Even compared to low-APR cards from just a handful of years ago, which frequently offered ongoing rates of 7.9% and even 5.9% interest, the numbers feel out of whack. Yes, you can still get low- or zero-percent introductory offers, but really low interest rate credit cards are nearly impossible to come by these days. It turns out there are several factors keeping credit card interest rates higher.

“Because credit cards are unsecured lines of credit they are, by definition, riskier for creditors than, say, a secured auto or home loan because there is no security that can be repossessed,” Thomas Nitzsche, a credit educator with ClearPoint Credit Counseling Solutions, said. “Because of this risk, there is a greater ‘spread’ between the fed rate and what a consumer experiences on their credit card.”

Add to that changes enacted by the Credit Card Accountability Responsibility and Disclosure, or Credit CARD Act of 2009. The act restricted issuers from doing things like charging cardholders a fee for going over the limit unless the cardholder has given them permission to authorize purchases that will put them over the limit.

“That cut into credit card issuers’ profits, thus causing them to increase annual fees and interest rates,” Nitzsche said.

Increased instances of identity theft and data breaches also have increased business costs for issuers, Nitzsche said, and those costs are being passed along to cardholders.

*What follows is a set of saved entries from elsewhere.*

lemma ass_subset_ass_quotient_Un_ass_submodule:
  assumes A: "\<And>x y. x \<in> A \<Longrightarrow> y \<in> A \<Longrightarrow> x * y \<in> A" and "0 \<in> N"
  shows "ass_quot scale A UNIV {0} \<subseteq> ass_quot scale A UNIV N \<union> ass_quot scale A N {0}"
proof
  fix P assume "P \<in> ass_quot scale A UNIV {0}"
  then obtain x where P: "prime_ideal_in A P" and P_eq: "P = {a \<in> A. a *s x = 0}"
    unfolding ass_quot_def by blast
  show "P \<in> ass_quot scale A UNIV N \<union> ass_quot scale A N {0}"
  proof (cases "\<exists>a\<in>A. a *s x \<in> N \<and> a *s x \<noteq> 0")
    case True
    then obtain a where a: "a \<in> A" "a *s x \<in> N" "a \<notin> P"
      using P_eq by blast
    have "P = {b \<in> A. b *s a *s x = 0}"
    proof (intro equalityI subsetI)
      fix b assume "b \<in> P"
      then show "b \<in> {b \<in> A. b *s a *s x = 0}"
        using P_eq scale_left_commute[of b a x] by simp
    next
      fix b assume b: "b \<in> {b \<in> A. b *s a *s x = 0}"
      then have "b * a \<in> P"
        using P_eq A a(1) by simp
      then show "b \<in> P"
        using P a b unfolding prime_ideal_in_def by blast
    qed
    then show ?thesis
      using P a(2) unfolding ass_quot_def by blast
  next
    case False
    then have "P = {a \<in> A. a *s x \<in> N}"
      using P_eq \<open>0 \<in> N\<close> by auto
    then show ?thesis
      using P unfolding ass_quot_def by blast
  qed
qed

That’s because the costs of identity theft and data breaches are astronomical. The 2016 Identity Fraud Study, released by Javelin Strategy & Research, found that $15 billion was stolen from 13.1 million U.S. consumers in 2015. These identity thieves take over bank accounts and drain your balances, charge a credit card up to the limit, take over your utility or mobile phone account, and apply for credit and loan accounts in your name, sticking you with the bills and a damaged credit history to clean up.

Of course, identity thieves don’t always just stop there. They might also apply for health insurance in your name, jobs, tax refunds and even commit other crimes while impersonating you. To help keep yourself safe, it’s a good idea to monitor your financial accounts and your credit regularly. You can check your credit reports for free every year at AnnualCreditReport.com, and keep a more regular eye on your credit scores by tracking your two free credit scores, updated every 14 days, on Credit.com. If you spot fraud, you should report it to the proper authorities and dispute the information with the credit bureaus.